Chris Castle digs into why U.S. songwriters are still legally and financially tethered to an antiquated 2¢ mechanical royalty rate established in 1909, and how the situation might be rectified.
Guest post by Chris Castle of Music Technology Policy
If you don’t know the history, you may think that songwriters are paid so little because somehow they don’t deserve more. That’s not true. The reason that songwriters are paid so little is that every U.S. mechanical royalty rate we have and have had since 1909 somehow refers back to the 2¢ rate set by Congress in 1909 that did not change until 1978. (And due to America’s long commercial shadow, that base-2¢ valuation is visited on the rest of the world.)
When Congress decided to increase the 2¢ rate in the 1976 revision of the Copyright Act, they did not start over again, they started increasing a rate that had already been eaten away by inflation for 68 years.
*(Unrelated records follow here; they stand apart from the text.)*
(* Let $f$ satisfy Assumption (M) with exponent $p>1+\frac2N$. Then there is a constant $C^-=C^-(f,N)>0$ such that for every $\varepsilon\in(0,1]$ and every $L>0$ with $L<C^-\varepsilon^{-\frac{p-1}{2}}$, the solution $u$ of $u_t=\Delta u+f(u)$ on $(0,\infty)\times\mathbb R^N$ with $u(0,x)=\varepsilon\mathbf 1_{B_L}(x)$ satisfies $\|u(t,\cdot)\|_{L^\infty(\mathbb R^N)}=\mathcal O(t^{-N/2})$ as $t\to+\infty$.
   Context: Assumption (M): $f:\mathbb R\to\mathbb R$ is locally Lipschitz continuous, $f=0$ on $(-\infty,0]\cup[1,\infty)$, $f(u)>0$ for all $u\in(0,1)$, and for some $p>1$, $0<\liminf_{u\to0^+}f(u)/u^p\le\limsup_{u\to0^+}f(u)/u^p<+\infty$. $B_L$ is the open ball of radius $L$ centred at $0$ in $\mathbb R^N$. *)

theory Defs
  imports "HOL-Analysis.Analysis" "HOL-Library.Liminf_Limsup"
begin

definition assumption_M :: "(real \<Rightarrow> real) \<Rightarrow> real \<Rightarrow> bool" where
  "assumption_M f p \<longleftrightarrow>
     (\<forall>x. \<exists>U. open U \<and> x \<in> U \<and> (\<exists>K. K-lipschitz_on U f)) \<and>
     (\<forall>u. u \<le> 0 \<longrightarrow> f u = 0) \<and> (\<forall>u. u \<ge> 1 \<longrightarrow> f u = 0) \<and>
     (\<forall>u. 0 < u \<and> u < 1 \<longrightarrow> f u > 0) \<and>
     p > 1 \<and>
     0 < Liminf (at_right 0) (\<lambda>u. ereal (f u / u powr p)) \<and>
     Limsup (at_right 0) (\<lambda>u. ereal (f u / u powr p)) < \<infinity>"

definition heat_kernel :: "real \<Rightarrow> 'a::euclidean_space \<Rightarrow> real" where
  "heat_kernel t z = (4 * pi * t) powr (- real DIM('a) / 2) * exp (- (norm z)\<^sup>2 / (4 * t))"

text \<open>(Mild) solution of u_t = Laplacian u + f(u) on (0,oo) x R^N with initial datum u0:
  measurable, bounded on (0,T] x R^N for every T, and satisfying Duhamel's formula.\<close>
definition mild_solution ::
  "(real \<Rightarrow> real) \<Rightarrow> ('a::euclidean_space \<Rightarrow> real) \<Rightarrow> (real \<Rightarrow> 'a \<Rightarrow> real) \<Rightarrow> bool" where
  "mild_solution f u0 u \<longleftrightarrow>
     case_prod u \<in> borel_measurable borel \<and>
     (\<forall>T>0. \<exists>M. \<forall>t\<in>{0<..T}. \<forall>x. \<bar>u t x\<bar> \<le> M) \<and>
     (\<forall>t>0. \<forall>x. u t x =
        (LINT y|lborel. heat_kernel t (x - y) * u0 y) +
        (LINT s:{0<..<t}|lborel. (LINT y|lborel. heat_kernel (t - s) (x - y) * f (u s y))))"

end

theory Submission
  imports Defs "HOL-Probability.Probability"
begin

text \<open>Let G(t) be the heat kernel and \<beta> = N (p - 1) / 2, so that p > 1 + 2/N means \<beta> > 1.
  The datum \<epsilon> 1_{B_L} lies below \<lambda>/2 G(L^2) for a suitable multiple \<lambda> of \<epsilon> L^N, and we show
  |u(t)| \<le> \<lambda> G(t + L^2), from which the decay t^{-N/2} is read off. Assumption (M) gives
  |f(v)| \<le> C_0 min(|v|, 1)^p; since G(r)^p is a multiple of r^{-\<beta>} G(r/p), the semigroup law bounds
  the Duhamel term by C_0 \<lambda>^p (4\<pi>)^{-\<beta>} G(t + L^2) times \<integral>_0^\<infinity> (s + L^2)^{-\<beta>} ds. This integral
  converges because \<beta> > 1, and the whole term is at most \<lambda>/2 G(t + L^2) once \<epsilon>^{p-1} L^2 is small.
  As u is only known to be locally bounded, the comparison is reached by iterating the Duhamel
  formula while carrying an error M (C_0 p t)^n / n!, which vanishes as n \<rightarrow> \<infinity>.\<close>

lemma heat_kernel_eq_prod_normal_density:
  fixes z :: "'a::euclidean_space"
  assumes t: "t > 0"
  shows "heat_kernel t z = (\<Prod>b\<in>Basis. normal_density 0 (sqrt (2*t)) (z \<bullet> b))"
proof -
  have nd: "normal_density 0 (sqrt (2*t)) v = (4*pi*t) powr (-1/2) * exp (- v\<^sup>2 / (4*t))" for v
  proof -
    have "sqrt (2 * pi * (sqrt (2*t))\<^sup>2) = sqrt (4*pi*t)" using t by simp
    also have "1 / \<dots> = (4*pi*t) powr (-1/2)" using t
      by (simp add: powr_minus_divide sqrt_def powr_half_sqrt)
    finally show ?thesis using t unfolding normal_density_def by simp
  qed
  have norm_sq: "(norm z)\<^sup>2 = (\<Sum>b\<in>(Basis::'a set). (z\<bullet>b)\<^sup>2)"
    unfolding power2_norm_eq_inner by (subst euclidean_inner) (simp add: power2_eq_square)
  have "(\<Prod>b\<in>Basis. normal_density 0 (sqrt (2*t)) (z \<bullet> b))
      = (\<Prod>b\<in>(Basis::'a set). (4*pi*t) powr (-1/2)) * (\<Prod>b\<in>Basis. exp (- (z\<bullet>b)\<^sup>2 / (4*t)))"
    by (simp add: nd prod.distrib)
  also have "(\<Prod>b\<in>(Basis::'a set). (4*pi*t) powr (-1/2)) = (4*pi*t) powr (- real DIM('a) / 2)"
    using t by (simp add: powr_realpow[symmetric] powr_powr)
  also have "(\<Prod>b\<in>(Basis::'a set). exp (- (z\<bullet>b)\<^sup>2 / (4*t))) = exp (- (norm z)\<^sup>2 / (4*t))"
    by (simp add: exp_sum[symmetric] norm_sq sum_divide_distrib[symmetric] sum_negf)
  finally show ?thesis unfolding heat_kernel_def by simp
qed

lemma heat_kernel_nonneg: "0 \<le> heat_kernel t z"
  unfolding heat_kernel_def by simp

lemma borel_measurable_heat_kernel[measurable]:
  "heat_kernel t \<in> borel_measurable (borel :: 'a::euclidean_space measure)"
  unfolding heat_kernel_def by measurable

lemma nn_integral_heat_kernel_convolution:
  fixes x :: "'a::euclidean_space"
  assumes a: "a > 0" and b: "b > 0"
  shows "(\<integral>\<^sup>+y. ennreal (heat_kernel a (x - y) * heat_kernel b y) \<partial>lborel) = ennreal (heat_kernel (a+b) x)"
proof -
  define h where "h c v = normal_density 0 (sqrt (2*a)) (x \<bullet> c - v) * normal_density 0 (sqrt (2*b)) v" for c v
  have eq: "heat_kernel a (x - y) * heat_kernel b y = (\<Prod>c\<in>Basis. h c (y \<bullet> c))" for y
    using a b by (simp add: heat_kernel_eq_prod_normal_density h_def prod.distrib inner_diff_left)
  have "(\<integral>\<^sup>+y. ennreal (heat_kernel a (x - y) * heat_kernel b y) \<partial>lborel)
     = (\<Prod>c\<in>(Basis::'a set). (\<integral>\<^sup>+v. h c v \<partial>lborel))"
    unfolding eq by (subst prod_ennreal[symmetric]) (auto simp: h_def intro!: nn_integral_lborel_prod)
  also have "\<dots> = (\<Prod>c\<in>(Basis::'a set). ennreal (normal_density 0 (sqrt (2*(a+b))) (x \<bullet> c)))"
  proof (rule prod.cong[OF refl])
    fix c :: 'a
    have "(\<integral>\<^sup>+v. h c v \<partial>lborel) = normal_density 0 (sqrt ((sqrt (2*a))\<^sup>2 + (sqrt (2*b))\<^sup>2)) (x \<bullet> c)"
      unfolding h_def using fun_cong[OF conv_normal_density_zero_mean[of "sqrt (2*a)" "sqrt (2*b)"], of "x \<bullet> c"] a b
      by simp
    also have "(sqrt (2*a))\<^sup>2 + (sqrt (2*b))\<^sup>2 = 2*(a+b)" using a b by simp
    finally show "(\<integral>\<^sup>+v. h c v \<partial>lborel) = ennreal (normal_density 0 (sqrt (2*(a+b))) (x \<bullet> c))" .
  qed
  also have "\<dots> = ennreal (heat_kernel (a+b) x)"
    using a b by (simp add: heat_kernel_eq_prod_normal_density prod_ennreal)
  finally show ?thesis .
qed

lemma nn_integral_heat_kernel:
  fixes x :: "'a::euclidean_space"
  assumes a: "a > 0"
  shows "(\<integral>\<^sup>+y. ennreal (heat_kernel a (x - y)) \<partial>lborel) = 1"
proof -
  define h where "h c v = normal_density (x \<bullet> c) (sqrt (2*a)) v" for c v
  have eq: "heat_kernel a (x - y) = (\<Prod>c\<in>Basis. h c (y \<bullet> c))" for y
    using a by (simp add: heat_kernel_eq_prod_normal_density h_def inner_diff_left normal_density_def power2_commute)
  have "(\<integral>\<^sup>+y. ennreal (heat_kernel a (x - y)) \<partial>lborel) = (\<Prod>c\<in>(Basis::'a set). (\<integral>\<^sup>+v. h c v \<partial>lborel))"
    unfolding eq by (subst prod_ennreal[symmetric]) (auto simp: h_def intro!: nn_integral_lborel_prod)
  also have "\<dots> = (\<Prod>c\<in>(Basis::'a set). 1)"
    using a by (intro prod.cong refl) (simp add: h_def nn_integral_eq_integral)
  finally show ?thesis by simp
qed

lemma has_bochner_integral_heat_kernel_convolution:
  fixes x :: "'a::euclidean_space"
  assumes "a > 0" and "b > 0"
  shows "has_bochner_integral lborel (\<lambda>y. heat_kernel a (x - y) * heat_kernel b y) (heat_kernel (a+b) x)"
  using assms
  by (intro has_bochner_integral_nn_integral) (auto simp: heat_kernel_nonneg nn_integral_heat_kernel_convolution)

lemma has_bochner_integral_heat_kernel:
  fixes x :: "'a::euclidean_space"
  assumes "a > 0"
  shows "has_bochner_integral lborel (\<lambda>y. heat_kernel a (x - y)) 1"
  using assms by (intro has_bochner_integral_nn_integral) (auto simp: heat_kernel_nonneg nn_integral_heat_kernel)

lemma heat_kernel_le_time_decay:
  fixes x :: "'a::euclidean_space"
  assumes t: "t > 0" and \<tau>: "\<tau> \<ge> 0"
  shows "heat_kernel (t + \<tau>) x \<le> (4*pi) powr (- real DIM('a) / 2) * t powr (- real DIM('a) / 2)"
proof -
  have "heat_kernel (t + \<tau>) x \<le> (4*pi*(t + \<tau>)) powr (- real DIM('a) / 2)"
    unfolding heat_kernel_def using t \<tau> by (intro mult_left_le) auto
  also have "\<dots> \<le> (4*pi*t) powr (- real DIM('a) / 2)"
    using t \<tau> by (intro powr_mono2') auto
  finally show ?thesis using t by (simp add: powr_mult)
qed

lemma heat_kernel_le_rescaled:
  fixes x :: "'a::euclidean_space"
  assumes s: "0 < \<sigma>" "\<sigma> \<le> \<rho>" "\<rho> \<le> q * \<sigma>"
  shows "heat_kernel \<sigma> x \<le> q powr (real DIM('a) / 2) * heat_kernel \<rho> x"
proof -
  have r: "\<rho> > 0" using s by linarith
  then have q: "q > 0" using s zero_less_mult_pos2[of q \<sigma>] by linarith
  have "(4*pi*\<sigma>) powr (- real DIM('a) / 2) \<le> (4*pi*\<rho>/q) powr (- real DIM('a) / 2)"
    using s q r by (intro powr_mono2') (auto simp: field_simps)
  also have "\<dots> = q powr (real DIM('a) / 2) * (4*pi*\<rho>) powr (- real DIM('a) / 2)"
    using q r by (simp add: powr_divide powr_minus_divide divide_simps)
  finally have 1: "(4*pi*\<sigma>) powr (- real DIM('a) / 2) \<le> q powr (real DIM('a) / 2) * (4*pi*\<rho>) powr (- real DIM('a) / 2)" .
  have 2: "exp (- (norm x)\<^sup>2 / (4 * \<sigma>)) \<le> exp (- (norm x)\<^sup>2 / (4 * \<rho>))"
    using s r by (auto intro!: divide_left_mono mult_pos_pos)
  show ?thesis
    using mult_mono[OF 1 2] unfolding heat_kernel_def by (simp add: mult.assoc)
qed

lemma heat_kernel_powr:
  fixes y :: "'a::euclidean_space"
  assumes r: "r > 0" and q: "q > 0"
  shows "heat_kernel r y powr q
    = (4*pi*r) powr (- real DIM('a) * (q - 1) / 2) * q powr (- real DIM('a) / 2) * heat_kernel (r/q) y"
proof -
  let ?N = "real DIM('a)"
  have "heat_kernel r y powr q = ((4*pi*r) powr (- ?N / 2)) powr q * exp (- (norm y)\<^sup>2 / (4 * r)) powr q"
    unfolding heat_kernel_def by (simp add: powr_mult)
  also have "\<dots> = (4*pi*r) powr (- ?N * q / 2) * exp (- q * (norm y)\<^sup>2 / (4 * r))"
    by (simp add: powr_powr powr_def)
  also have "(4*pi*r) powr (- ?N * q / 2) = (4*pi*r) powr (- ?N * (q - 1) / 2) * (4*pi*r) powr (- ?N / 2)"
    by (simp add: powr_add[symmetric] field_simps)
  also have "(4*pi*r) powr (- ?N / 2) = q powr (- ?N / 2) * (4*pi*(r/q)) powr (- ?N / 2)"
    using r q by (simp add: powr_divide powr_minus_divide divide_simps)
  also have "- q * (norm y)\<^sup>2 / (4 * r) = - (norm y)\<^sup>2 / (4 * (r/q))"
    using q by simp
  finally show ?thesis unfolding heat_kernel_def by (simp add: algebra_simps)
qed

lemma indicator_ball_le_heat_kernel:
  fixes y :: "'a::euclidean_space"
  assumes L: "L > 0"
  shows "indicator (ball 0 L) y \<le> exp (1/4) * (4*pi*L\<^sup>2) powr (real DIM('a) / 2) * heat_kernel (L\<^sup>2) y"
proof (cases "y \<in> ball 0 L")
  case True
  then have "(norm y)\<^sup>2 \<le> L\<^sup>2" using L by (intro power_mono) auto
  then have "exp (-1/4) \<le> exp (- (norm y)\<^sup>2 / (4 * L\<^sup>2))" using L by (simp add: divide_simps)
  moreover have "exp (1/4) * (4*pi*L\<^sup>2) powr (real DIM('a) / 2) * heat_kernel (L\<^sup>2) y
      = exp (1/4) * exp (- (norm y)\<^sup>2 / (4 * L\<^sup>2))"
    unfolding heat_kernel_def using L by (simp add: powr_minus_divide)
  ultimately show ?thesis using True by (simp add: exp_add[symmetric] exp_minus_inverse)
next
  case False
  then show ?thesis using L by (simp add: heat_kernel_nonneg)
qed

text \<open>No integrability of \<open>g\<close> is required (a non-integrable function has integral 0), so the
  Duhamel integrals of a mild solution can be estimated without knowing they converge.\<close>

lemma abs_integral_le_integral:
  fixes g h :: "'b \<Rightarrow> real"
  assumes h: "integrable M h" and gh: "\<And>x. x \<in> space M \<Longrightarrow> \<bar>g x\<bar> \<le> h x"
  shows "\<bar>LINT x|M. g x\<bar> \<le> LINT x|M. h x"
proof -
  have "g x \<le> h x" "- g x \<le> h x" "0 \<le> h x" if "x \<in> space M" for x
    using gh[OF that] by linarith+
  then have "(LINT x|M. g x) \<le> LINT x|M. h x" "(LINT x|M. - g x) \<le> LINT x|M. h x"
    by (intro integral_mono'[OF h]; simp)+
  then show ?thesis by simp
qed

lemma abs_set_integral_le_set_integral:
  fixes g h :: "real \<Rightarrow> real"
  assumes "set_integrable lborel A h" and "\<And>x. x \<in> A \<Longrightarrow> \<bar>g x\<bar> \<le> h x"
  shows "\<bar>LINT x:A|lborel. g x\<bar> \<le> (LINT x:A|lborel. h x)"
  unfolding set_lebesgue_integral_def using assms
  by (intro abs_integral_le_integral) (auto simp: set_integrable_def indicator_def)

lemma set_integral_Ioo_FTC:
  fixes g F :: "real \<Rightarrow> real"
  assumes t: "0 \<le> t" and c: "continuous_on {0..t} g"
    and d: "\<And>x. 0 \<le> x \<Longrightarrow> x \<le> t \<Longrightarrow> (F has_real_derivative g x) (at x within {0..t})"
  shows "set_integrable lborel {0<..<t} g" "(LINT s:{0<..<t}|lborel. g s) = F t - F 0"
proof -
  have "interval_lebesgue_integrable lborel 0 t g"
    using interval_integrable_continuous_on[OF t c] by (simp add: zero_ereal_def)
  then show "set_integrable lborel {0<..<t} g"
    using t by (simp add: interval_lebesgue_integrable_def zero_ereal_def)
  have "(LBINT x=ereal 0..ereal t. g x) = F t - F 0"
    using t c d
    by (intro interval_integral_FTC_finite) (auto simp: has_real_derivative_iff_has_vector_derivative[symmetric])
  then show "(LINT s:{0<..<t}|lborel. g s) = F t - F 0"
    using t by (simp add: interval_lebesgue_integral_le_eq)
qed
As Jennine Nwoko and Jacqueline Charlesworth observed in an amicus brief on behalf of Songwriters of North America and Music Artists Coalition, “…the original 2-cent rate established by Congress…has risen to only 9.1 cents, which is well below the 50-plus cent rate that would apply today if adjusted for inflation.”
Of course, I’d suggest that continuing to think of even an inflation-adjusted historical rate elevates the 2¢ rate to being a candidate for status as a transcendental number like π. Think about it–if Nwoko and Charlesworth are correct that the inflation adjusted benchmark rate in 1977 should have been over 50¢ instead of 2¢, are they not actually saying that the real 1977 statutory rate adjusted for inflation is -48¢, a negative royalty? Which means that even after 29 years of glacial statutory increases from 2¢ to 9.1¢ (not 44 years because the rates were frozen in 2006), songwriters are still receiving a negative real royalty rate.
That’s right–songwriters are paid less than zero. And since all the statutory rates refer back to the 2¢ rate one way or another, the number 2 in this context has taken on transcendental meaning kind of like π. Consider that π may be an infinite number because we measure it in the base-10 system. If π were actually a building block of a different computational system like 10 is to base-10, maybe it would not be infinite. Maybe we’re just measuring it with the wrong tool.
So when we say things like the statutory rate should have been 50¢ in 1977, maybe we’re just looking at it wrong. Maybe the byzantine social structure built up around a completely misguided gaslit royalty numbering system just shrouds it in a special language that has no connection to the actual value of a song. If you abandoned the statutory rate system, we certainly wouldn’t say that the value of a song is so low that it’s negative, right? Particularly not given the extraordinary growth in the value of music since 1909 or even 2009.
But that is essentially what we say when we even accept the premise that all conversations about mechanical royalties have to start in this base-2¢ world that never did and still doesn’t connect to reality.
It’s a very desolate pit to crawl out of. It’s no wonder that many songwriters feel unheard and lonely.